This was a thing we’d not foreseen, but (sayt Nero) the more the merrier.
The cats who dwell hereabouts sayt they would chase away these incomers as soon as our entertainment was done. They feared they’d take our places and steal our vittles.
I hoped they would spread our fame abroad.
“Say rather, spread your false imaginations,” sayt the Mad Cat.
And though our play is fool, when I stepped forth as hungrie Lion Rampant and saw many in our audience rise and claw the air in like manner, my heart swoll within me.
One thing we did forget. Viz, how kitlings love to imitate cats. And how apt they are to learn.
The kitlings were to show, in silence, what we told. Save our Maggot (my niece). For her I writ two little songs.
But the kit we’d chose to play the cook took it into his head to die with speeches.
He stood like me (Lion Rampant) and squeaked out to his fellow that played young Ox-Foot, “What, my lord, will you murder me?”
“Help, help!” he cried.
His fond mother, seated near, mistook his cries and my intent. She came at me very fierce.
But I’m quick in my wits, and have read many play books. I sayt:
Good cook, forbear, you have already died!
Madame, away with him! Bear his corpse aside.
She dragged him off, he squeaking all the while, “Ox-Foot has killed me. Alas, I am dead.”
Likewise when two kits – young Ox-Foot and Old Hamton’s wife – enacted the killing of Old Hamton. The kit that played Old Hamton rose up and fought with them instead of dying quiet.
But I believe our audience saw nowt amiss. How they beat their tails upon the earth to match the measure of our verse!
How they screeched when Ox-Foot killed Lord Purrlie, and when the Queen fought Ox-Foot!
And doubtless they saw the frensied kits now flying back and forth (unrehersed) as servants and the like.
A woman came from a cottage nearby and flung a piece of coal into our Field. All hushed then, lest a dog be loosed at us.
But, Ox-Foot and the Queen having spake their last, I thought it best to die without much ado.
A tide of kits (as imps from hell, come for our souls) swept across the ground. The kitchen cat gave out Young Hamton’s speech, and so our play ended.
Then Nero sprang up and led all in song.
And so on, with many questions too lewd to be writ here.
“Who was it sired young Hamton?” “It was the Earl of Ox-Foot.” “Who then begged him to scruff his wife?” “It was the Earl of Ox-Foot.”
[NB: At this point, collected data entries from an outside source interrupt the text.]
(* Let $(\mathbf x,\mathbf p,\mu)$ be a deterministic TFM satisfying weak UIC and $2$-weak-SCP. Let $\mathbf b=(b_1,\dots,b_m)$ be a bid vector and $i$ a user with $x_i(\mathbf b)=1$, and let $\mathbf b'=(\mathbf b_{-i},b_i')$ be such that $x_i(\mathbf b')=1$. Then (1) $\mu(\mathbf b)=\mu(\mathbf b')$; and (2) for every user $j$ with $x_j(\mathbf b)=1$ and $b_j>p_j(\mathbf b)$, we have $x_j(\mathbf b')=1$ and $p_j(\mathbf b')=p_j(\mathbf b)$.
   Context: Setting (TFM). Each user $i$ has a true value $v_i\ge0$ and submits a single bid $b_i\ge0$; $\mathbf b=(b_1,\dots,b_m)$, $\mathbf b_{-i}$ the other bids. A TFM has an inclusion rule (run by the miner, choosing at most $B$ bids, $B$ finite or infinite) and confirmation, payment, miner-revenue rules (run by the blockchain on included bids); the mechanism treats users symmetrically. Composing the honest inclusion rule with the others gives deterministic $(\mathbf x,\mathbf p,\mu)$: $x_i(\mathbf b)\in\{0,1\}$ indicates confirmation, $p_i(\mathbf b)\le b_i$ the payment ($0$ if unconfirmed), $\mu(\mathbf b)$ the miner revenue (at most total payment). Strategic players (a user, the miner, or the miner with some users) may bid untruthfully after seeing all bids, inject fake bids (true value $0$), and (if the miner is involved) include any at most $B$ available bids. Weak ($1$-strict) utility: miner revenue (if the miner is in the player) plus $v-p$ for each confirmed transaction of the player (true value $v$, payment $p$), minus $(b-v)$ for each unconfirmed transaction of the player with bid $b>v$. Weak UIC: with an honest miner, each user's weak utility is maximized by truthful bidding without fake bids, whatever the other bids. $c$-weak-SCP: for every coalition of the miner with between $1$ and $c$ users, joint weak utility is maximized by truthful bidding and honest miner behavior, whatever the other bids. *)

theory Defs
  imports Main "HOL-Library.Extended_Nat"
begin

text \<open>The honest inclusion rule picks a set of indices of the posted bid list
  (at most the block size, which may be infinite).  The blockchain rules
  (confirmation, payment, miner revenue) act on the list of included bids
  (kept in posting order); a transaction is referred to by its position in
  that list.\<close>
record tfm =
  incl :: "real list \<Rightarrow> nat set"
  cap  :: enat
  tconf :: "real list \<Rightarrow> nat \<Rightarrow> bool"
  tpay  :: "real list \<Rightarrow> nat \<Rightarrow> real"
  trev  :: "real list \<Rightarrow> real"

definition nonneg :: "real list \<Rightarrow> bool" where
  "nonneg bs \<longleftrightarrow> (\<forall>x\<in>set bs. 0 \<le> x)"

definition pos :: "nat set \<Rightarrow> nat \<Rightarrow> nat" where
  "pos S k = card {j\<in>S. j < k}"

definition confirmed :: "tfm \<Rightarrow> real list \<Rightarrow> nat set \<Rightarrow> nat \<Rightarrow> bool" where
  "confirmed M bs S k \<longleftrightarrow> k \<in> S \<and> tconf M (nths bs S) (pos S k)"

definition payment :: "tfm \<Rightarrow> real list \<Rightarrow> nat set \<Rightarrow> nat \<Rightarrow> real" where
  "payment M bs S k = (if confirmed M bs S k then tpay M (nths bs S) (pos S k) else 0)"

definition revenue :: "tfm \<Rightarrow> real list \<Rightarrow> nat set \<Rightarrow> real" where
  "revenue M bs S = trev M (nths bs S)"

definition x :: "tfm \<Rightarrow> real list \<Rightarrow> nat \<Rightarrow> bool" where
  "x M b i = confirmed M b (incl M b) i"

definition p :: "tfm \<Rightarrow> real list \<Rightarrow> nat \<Rightarrow> real" where
  "p M b i = payment M b (incl M b) i"

definition mu :: "tfm \<Rightarrow> real list \<Rightarrow> real" where
  "mu M b = revenue M b (incl M b)"

definition tfm_ok :: "tfm \<Rightarrow> bool" where
  "tfm_ok M \<longleftrightarrow> (\<forall>b. nonneg b \<longrightarrow>
      incl M b \<subseteq> {..<length b} \<and> enat (card (incl M b)) \<le> cap M \<and>
      (\<forall>i<length b. p M b i \<le> b ! i) \<and>
      mu M b \<le> (\<Sum>i<length b. p M b i))"

definition tx_util :: "tfm \<Rightarrow> real list \<Rightarrow> nat set \<Rightarrow> nat \<Rightarrow> real \<Rightarrow> real" where
  "tx_util M bs S k v =
     (if confirmed M bs S k then v - payment M bs S k else - max 0 (bs ! k - v))"

text \<open>Joint weak utility of a strategic player: (optionally) the miner, the
  real users in C (true values v), and all fake bids, which are the posted
  bids at positions m, m+1, ... (m = number of real users), with true value 0.\<close>
definition coal_util ::
  "tfm \<Rightarrow> bool \<Rightarrow> nat set \<Rightarrow> (nat \<Rightarrow> real) \<Rightarrow> nat \<Rightarrow> real list \<Rightarrow> nat set \<Rightarrow> real" where
  "coal_util M miner C v m bs S =
     (if miner then revenue M bs S else 0)
     + (\<Sum>k\<in>C. tx_util M bs S k (v k))
     + (\<Sum>k\<in>{m..<length bs}. tx_util M bs S k 0)"

definition dev :: "real list \<Rightarrow> nat set \<Rightarrow> (nat \<Rightarrow> real) \<Rightarrow> real list \<Rightarrow> real list" where
  "dev b C r F = map (\<lambda>k. if k \<in> C then r k else b ! k) [0..<length b] @ F"

definition weak_UIC :: "tfm \<Rightarrow> bool" where
  "weak_UIC M \<longleftrightarrow> (\<forall>b i v r F.
     nonneg b \<and> i < length b \<and> 0 \<le> v \<and> 0 \<le> r \<and> nonneg F \<longrightarrow>
     coal_util M False {i} (\<lambda>_. v) (length b) (dev b {i} (\<lambda>_. r) F)
        (incl M (dev b {i} (\<lambda>_. r) F))
     \<le> coal_util M False {i} (\<lambda>_. v) (length b) (dev b {i} (\<lambda>_. v) [])
        (incl M (dev b {i} (\<lambda>_. v) [])))"

definition weak_SCP :: "tfm \<Rightarrow> nat \<Rightarrow> bool" where
  "weak_SCP M c \<longleftrightarrow> (\<forall>b C v r F S.
     nonneg b \<and> C \<subseteq> {..<length b} \<and> 1 \<le> card C \<and> card C \<le> c \<and>
     (\<forall>k\<in>C. 0 \<le> v k \<and> 0 \<le> r k) \<and> nonneg F \<and>
     S \<subseteq> {..<length (dev b C r F)} \<and> enat (card S) \<le> cap M \<longrightarrow>
     coal_util M True C v (length b) (dev b C r F) S
     \<le> coal_util M True C v (length b) (dev b C v []) (incl M (dev b C v [])))"

end

theory Submission
  imports Defs
begin

text \<open>Every claim comes from applying an incentive condition twice: the coalition's true
  values are the bids of one vector and its deviation is the other vector, and then the roles
  are swapped.  Weak UIC for user i makes i's payment independent of i's bid; 1-weak-SCP for
  the miner with i then makes the revenue independent of it too; and 2-weak-SCP for the miner
  with i and j forces j's utility to stay b_j - p_j > 0, which an unconfirmed j (utility 0)
  cannot attain, so j stays confirmed at the same price.\<close>

definition user_util :: "tfm \<Rightarrow> real list \<Rightarrow> nat \<Rightarrow> real \<Rightarrow> real" where
  "user_util M c k v = (if x M c k then v - p M c k else - max 0 (c ! k - v))"

lemma coal_util_honest:
  "coal_util M miner C v (length c) c (incl M c) =
     (if miner then mu M c else 0) + (\<Sum>k\<in>C. user_util M c k (v k))"
  unfolding coal_util_def tx_util_def user_util_def x_def p_def mu_def by simp

lemma dev_eq:
  assumes "length c = length b" and "\<forall>k<length b. c ! k = (if k \<in> C then r k else b ! k)"
  shows "dev b C r [] = c"
  using assms by (intro nth_equalityI) (auto simp: dev_def)

lemma nonneg_list_update: "nonneg b \<Longrightarrow> 0 \<le> y \<Longrightarrow> nonneg (b[i := y])"
  unfolding nonneg_def using set_update_subset_insert by fastforce

lemma weak_UIC_rebid:
  assumes "weak_UIC M" and "nonneg b" and "nonneg b'" and "length b' = length b"
    and "i < length b" and "\<forall>k. k \<noteq> i \<longrightarrow> b' ! k = b ! k"
  shows "user_util M b' i (b ! i) \<le> user_util M b i (b ! i)"
proof -
  have "0 \<le> b ! i" "0 \<le> b' ! i"
    using assms(2-5) by (auto simp: nonneg_def)
  then have "coal_util M False {i} (\<lambda>_. b ! i) (length b) (dev b {i} (\<lambda>_. b' ! i) [])
        (incl M (dev b {i} (\<lambda>_. b' ! i) []))
     \<le> coal_util M False {i} (\<lambda>_. b ! i) (length b) (dev b {i} (\<lambda>_. b ! i) [])
        (incl M (dev b {i} (\<lambda>_. b ! i) []))"
    using weak_UIC_def[THEN iffD1, OF assms(1), rule_format, of b i "b ! i" "b' ! i" "[]"]
      assms(2,5) by (simp add: nonneg_def)
  moreover have "dev b {i} (\<lambda>_. b' ! i) [] = b'" "dev b {i} (\<lambda>_. b ! i) [] = b"
    using assms(4,6) by (auto intro: dev_eq)
  ultimately show ?thesis
    using assms(4) by (simp add: coal_util_honest[of M False "{i}" _ b', simplified assms(4)]
        coal_util_honest[of M False "{i}" _ b])
qed

lemma weak_SCP_rebid:
  assumes "weak_SCP M c" and "tfm_ok M" and "nonneg b" and "nonneg b'"
    and "length b' = length b" and "C \<subseteq> {..<length b}" and "1 \<le> card C" and "card C \<le> c"
    and "\<forall>k. k \<notin> C \<longrightarrow> b' ! k = b ! k"
  shows "mu M b' + (\<Sum>k\<in>C. user_util M b' k (b ! k)) \<le> mu M b + (\<Sum>k\<in>C. user_util M b k (b ! k))"
proof -
  have dev: "dev b C (nth b') [] = b'" "dev b C (nth b) [] = b"
    using assms(5,9) by (auto intro: dev_eq)
  have "incl M b' \<subseteq> {..<length b'}" "enat (card (incl M b')) \<le> cap M"
    using assms(2,4) unfolding tfm_ok_def by auto
  moreover have "\<forall>k\<in>C. 0 \<le> b ! k \<and> 0 \<le> b' ! k"
    using assms(3-6) by (auto simp: nonneg_def)
  ultimately have "coal_util M True C (nth b) (length b) (dev b C (nth b') []) (incl M b')
     \<le> coal_util M True C (nth b) (length b) (dev b C (nth b) []) (incl M (dev b C (nth b) []))"
    using weak_SCP_def[THEN iffD1, OF assms(1), rule_format,
        of b C "nth b" "nth b'" "[]" "incl M b'"] assms(3,5-8) by (simp add: dev nonneg_def)
  then show ?thesis
    using assms(5) by (simp add: dev coal_util_honest[of M True C _ b', simplified assms(5)]
        coal_util_honest[of M True C _ b])
qed

lemma confirmed_payment_indep:
  assumes "weak_UIC M" and "nonneg b" and "nonneg b'" and "length b' = length b"
    and "i < length b" and "\<forall>k. k \<noteq> i \<longrightarrow> b' ! k = b ! k"
    and "x M b i" and "x M b' i"
  shows "p M b' i = p M b i"
proof -
  have "\<forall>k. k \<noteq> i \<longrightarrow> b ! k = b' ! k"
    using assms(6) by simp
  then have "user_util M b i (b' ! i) \<le> user_util M b' i (b' ! i)"
    using weak_UIC_rebid[OF assms(1,3,2) assms(4)[symmetric]] assms(4,5) by simp
  moreover have "user_util M b' i (b ! i) \<le> user_util M b i (b ! i)"
    using weak_UIC_rebid[OF assms(1-6)] .
  ultimately show ?thesis
    using assms(7,8) by (simp add: user_util_def)
qed

lemma confirmed_revenue_indep:
  assumes "weak_UIC M" and "weak_SCP M c" and "1 \<le> c" and "tfm_ok M"
    and "nonneg b" and "nonneg b'" and "length b' = length b"
    and "i < length b" and "\<forall>k. k \<noteq> i \<longrightarrow> b' ! k = b ! k"
    and "x M b i" and "x M b' i"
  shows "mu M b' = mu M b"
proof -
  have "mu M b' + user_util M b' i (b ! i) \<le> mu M b + user_util M b i (b ! i)"
    using weak_SCP_rebid[OF assms(2,4-7), of "{i}"] assms(3,8,9) by simp
  moreover have "mu M b + user_util M b i (b' ! i) \<le> mu M b' + user_util M b' i (b' ! i)"
    using weak_SCP_rebid[OF assms(2,4,6,5) assms(7)[symmetric], of "{i}"] assms(3,7-9)
    by (simp add: eq_commute)
  moreover have "p M b' i = p M b i"
    using confirmed_payment_indep[OF assms(1,5-11)] .
  ultimately show ?thesis
    using assms(10,11) by (simp add: user_util_def)
qed

lemma confirmed_others_preserved:
  assumes "weak_UIC M" and "weak_SCP M c" and "2 \<le> c" and "tfm_ok M"
    and "nonneg b" and "nonneg b'" and "length b' = length b"
    and "i < length b" and "\<forall>k. k \<noteq> i \<longrightarrow> b' ! k = b ! k"
    and "x M b i" and "x M b' i"
    and "j < length b" and "j \<noteq> i" and "x M b j" and "p M b j < b ! j"
  shows "x M b' j \<and> p M b' j = p M b j"
proof -
  have C: "{i, j} \<subseteq> {..<length b}" "card {i, j} = 2"
    using assms(8,12,13) by auto
  have "mu M b' + user_util M b' i (b ! i) + user_util M b' j (b ! j)
      \<le> mu M b + user_util M b i (b ! i) + user_util M b j (b ! j)"
    using weak_SCP_rebid[OF assms(2,4-7) C(1)] C(2) assms(3,9,13) by (simp add: add.assoc)
  moreover have "mu M b + user_util M b i (b' ! i) + user_util M b j (b' ! j)
      \<le> mu M b' + user_util M b' i (b' ! i) + user_util M b' j (b' ! j)"
    using weak_SCP_rebid[OF assms(2,4,6,5) assms(7)[symmetric], of "{i, j}"] C assms(3,7,9,13)
    by (simp add: add.assoc eq_commute)
  moreover have "p M b' i = p M b i"
    using confirmed_payment_indep[OF assms(1,5-11)] .
  moreover have "mu M b' = mu M b"
    using confirmed_revenue_indep[OF assms(1,2) _ assms(4-11)] assms(3) by simp
  ultimately have "user_util M b' j (b ! j) = b ! j - p M b j"
    using assms(9-11,13,14) by (simp add: user_util_def)
  then show ?thesis
    using assms(9,13,15) by (auto simp: user_util_def split: if_splits)
qed

theorem mainTheorem13:
  assumes "tfm_ok M" and "weak_UIC M" and "weak_SCP M 2"
    and "nonneg b" and "i < length b" and "x M b i"
    and "0 \<le> bi'" and "x M (b[i := bi']) i"
  shows "mu M b = mu M (b[i := bi']) \<and>
    (\<forall>j<length b. x M b j \<and> b ! j > p M b j \<longrightarrow>
        x M (b[i := bi']) j \<and> p M (b[i := bi']) j = p M b j)"
proof -
  define b' where "b' = b[i := bi']"
  have rebid: "nonneg b'" "length b' = length b" "\<forall>k. k \<noteq> i \<longrightarrow> b' ! k = b ! k"
    using nonneg_list_update[OF assms(4,7)] by (simp_all add: b'_def)
  note facts = assms(4) rebid(1,2) assms(5) rebid(3) assms(6) assms(8)[folded b'_def]
  have "mu M b' = mu M b"
    using confirmed_revenue_indep[OF assms(2,3) _ assms(1) facts] by simp
  moreover have "x M b' j \<and> p M b' j = p M b j"
    if "j < length b" "x M b j" "p M b j < b ! j" for j
  proof (cases "j = i")
    case True
    then show ?thesis
      using confirmed_payment_indep[OF assms(2) facts] facts(7) by simp
  next
    case False
    then show ?thesis
      using confirmed_others_preserved[OF assms(2,3) _ assms(1) facts that(1) False that(2,3)]
      by simp
  qed
  ultimately show ?thesis
    unfolding b'_def by auto
qed

end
“And who would Ox-Foot next have killed?” Nero sang at last.
I called “Our own Earl!”
“Our own Earl!” sang all. “Our own Earl!”
A cottage door swung wide. A shoe came flying at us.
All scattered then. But not before two stone-cats had run to the shoe and set their marks on it.
We went a way off, and made revel-rout till dawn. Such creepings and leapings, such prancings and dancings, such callings and waulings and brawlings.
The Mad Cat sayt, “Your goodly pageant being done, now see what mischiefs you have wrought.”
Our kitchen cat sayt she never had such a time in all her life.
And I never had such great applauds. But I believe I may be full of shame on the morrow.
The notion that the Earl of Southampton was the biological father of Oxford’s son has surfaced too. (It’s complicated.) But could Gib’s false imaginations have contributed to this? As I’ve said before, I’m surely not the only person in the past 400 years to have deciphered his writings.